Supplied data:
(* In the setting below, let $y^\star,y'\in\mathcal{Y}$ be distinct with $p_{\mathrm{ref}}(y^\star)>0$ and $p_{\mathrm{ref}}(y')>0$. Then: (i) if $\alpha_{\mathrm{KL}}>0$, the point mass $\delta_{y^\star}$ is not a stationary point of $\mathcal{J}$ on $\mathcal{F}$; (ii) if $\alpha_{\mathrm{KL}}=0$ and $$r(y^\star)-r(y')<\alpha_{\mathrm{div}}\big(1-c(y^\star,y')\big),$$ then $\delta_{y^\star}$ is not a local maximizer of $\mathcal{J}$ on $\mathcal{F}$.
   Context: Let $\mathcal{Y}$ be a finite set of sequences, $p_{\mathrm{ref}}$ a probability distribution on $\mathcal{Y}$, $r:\mathcal{Y}\to\mathbb{R}$ a reward, $\psi:\mathcal{Y}\to\mathbb{S}^{d-1}$ a unit-norm embedding, $c(y,y')=\langle\psi(y),\psi(y')\rangle$ (cosine similarity), and $\alpha_{\mathrm{KL}}\ge0$, $\alpha_{\mathrm{div}}\ge 0$. The feasible set is $\mathcal{F}=\{p\in\Delta(\mathcal{Y}): p\ll p_{\mathrm{ref}}\}$ and the objective is $$\mathcal{J}[p]=\mathbb{E}_{y\sim p}[r(y)]-\alpha_{\mathrm{KL}}\,\mathrm{KL}(p\,\|\,p_{\mathrm{ref}})-\frac{\alpha_{\mathrm{div}}}{2}\,\mathbb{E}_{(y,y')\sim p\otimes p}[c(y,y')],$$ with $\mathrm{KL}(p\|q)=\sum_y p(y)\log\frac{p(y)}{q(y)}$ and pair expectations over two independent draws from $p$. $\delta_y$ denotes the point mass at $y$. *)

theory Defs
  imports "HOL-Analysis.Analysis"
begin

definition is_dist :: "('y::finite \<Rightarrow> real) \<Rightarrow> bool" where
  "is_dist p \<longleftrightarrow> (\<forall>y. 0 \<le> p y) \<and> (\<Sum>y\<in>UNIV. p y) = 1"

definition abs_cont :: "('y::finite \<Rightarrow> real) \<Rightarrow> ('y \<Rightarrow> real) \<Rightarrow> bool" where
  "abs_cont p q \<longleftrightarrow> (\<forall>y. q y = 0 \<longrightarrow> p y = 0)"

definition feasible :: "('y::finite \<Rightarrow> real) \<Rightarrow> ('y \<Rightarrow> real) set" where
  "feasible pref = {p. is_dist p \<and> abs_cont p pref}"

definition KL :: "('y::finite \<Rightarrow> real) \<Rightarrow> ('y \<Rightarrow> real) \<Rightarrow> real" where
  "KL p q = (\<Sum>y\<in>UNIV. if p y = 0 then 0 else p y * ln (p y / q y))"

definition cos_sim :: "('y \<Rightarrow> real ^ 'd) \<Rightarrow> 'y \<Rightarrow> 'y \<Rightarrow> real" where
  "cos_sim psi y y' = psi y \<bullet> psi y'"

definition objJ :: "('y::finite \<Rightarrow> real) \<Rightarrow> ('y \<Rightarrow> real) \<Rightarrow> ('y \<Rightarrow> real ^ 'd)
     \<Rightarrow> real \<Rightarrow> real \<Rightarrow> ('y \<Rightarrow> real) \<Rightarrow> real" where
  "objJ r pref psi aKL adiv p =
     (\<Sum>y\<in>UNIV. p y * r y) - aKL * KL p pref
     - adiv / 2 * (\<Sum>y\<in>UNIV. \<Sum>y'\<in>UNIV. p y * p y' * cos_sim psi y y')"

definition point_mass :: "'y \<Rightarrow> 'y \<Rightarrow> real" where
  "point_mass y0 = (\<lambda>y. if y = y0 then 1 else 0)"

text \<open>First-order stationarity on a convex feasible set: no feasible direction
  has a positive (upper) one-sided directional derivative, i.e.
  limsup_{t->0+} (J((1-t)p + t q) - J p)/t <= 0 for every feasible q.\<close>
definition stationary_on :: "(('y \<Rightarrow> real) \<Rightarrow> real) \<Rightarrow> ('y \<Rightarrow> real) set \<Rightarrow> ('y \<Rightarrow> real) \<Rightarrow> bool" where
  "stationary_on J F p \<longleftrightarrow> p \<in> F \<and>
     (\<forall>q\<in>F. \<forall>\<epsilon>>0. \<exists>\<delta>>0. \<forall>t. 0 < t \<and> t < \<delta> \<longrightarrow>
        (J (\<lambda>y. (1 - t) * p y + t * q y) - J p) / t \<le> \<epsilon>)"

text \<open>Local maximizer on F (w.r.t. the L1 distance; all norms on the finite-dimensional
  space are equivalent).\<close>
definition local_max_on :: "(('y::finite \<Rightarrow> real) \<Rightarrow> real) \<Rightarrow> ('y \<Rightarrow> real) set \<Rightarrow> ('y \<Rightarrow> real) \<Rightarrow> bool" where
  "local_max_on J F p \<longleftrightarrow> p \<in> F \<and>
     (\<exists>\<epsilon>>0. \<forall>q\<in>F. (\<Sum>y\<in>UNIV. \<bar>q y - p y\<bar>) < \<epsilon> \<longrightarrow> J q \<le> J p)"

end

theory Submission
  imports Defs "HOL-Real_Asymp.Real_Asymp"
begin

text \<open>Move along the segment from \<open>\<delta>\<^sub>y\<^sub>s\<close> towards \<open>\<delta>\<^sub>y\<^sub>'\<close>. On the mixture
  \<open>(1 - t) \<delta>\<^sub>y\<^sub>s + t \<delta>\<^sub>y\<^sub>'\<close> the gain of the objective over \<open>\<delta>\<^sub>y\<^sub>s\<close> is
  \<open>t (r y' - r ys + aKL ln (pref y' / pref ys)) + aKL H(t) + adiv t (1 - t) (1 - c(ys, y'))\<close>,
  where \<open>H(t) = - t ln t - (1 - t) ln (1 - t)\<close> is the binary entropy. If \<open>aKL > 0\<close>, the
  entropy term has infinite slope at \<open>t = 0\<close>, which rules out stationarity.
  If \<open>aKL = 0\<close>, the slope at \<open>t = 0\<close> is \<open>r y' - r ys + adiv (1 - c(ys, y'))\<close>, which the
  hypothesis makes positive, so every neighbourhood of \<open>\<delta>\<^sub>y\<^sub>s\<close> contains better points.\<close>

lemma eventually_at_right_less_1: "\<forall>\<^sub>F t in at_right (0::real). t < 1"
  by (simp add: eventually_at_right_field) (meson zero_less_one)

Task requirements:
Your task is to retype the entries verbatim, starting with the line that holds "y0 = (\<lambda>y." and stopping after the line that holds "every feasible q.\<close>".

Solution to this problem:
  "point_mass y0 = (\<lambda>y. if y = y0 then 1 else 0)"

text \<open>First-order stationarity on a convex feasible set: no feasible direction
  has a positive (upper) one-sided directional derivative, i.e.
  limsup_{t->0+} (J((1-t)p + t q) - J p)/t <= 0 for every feasible q.\<close>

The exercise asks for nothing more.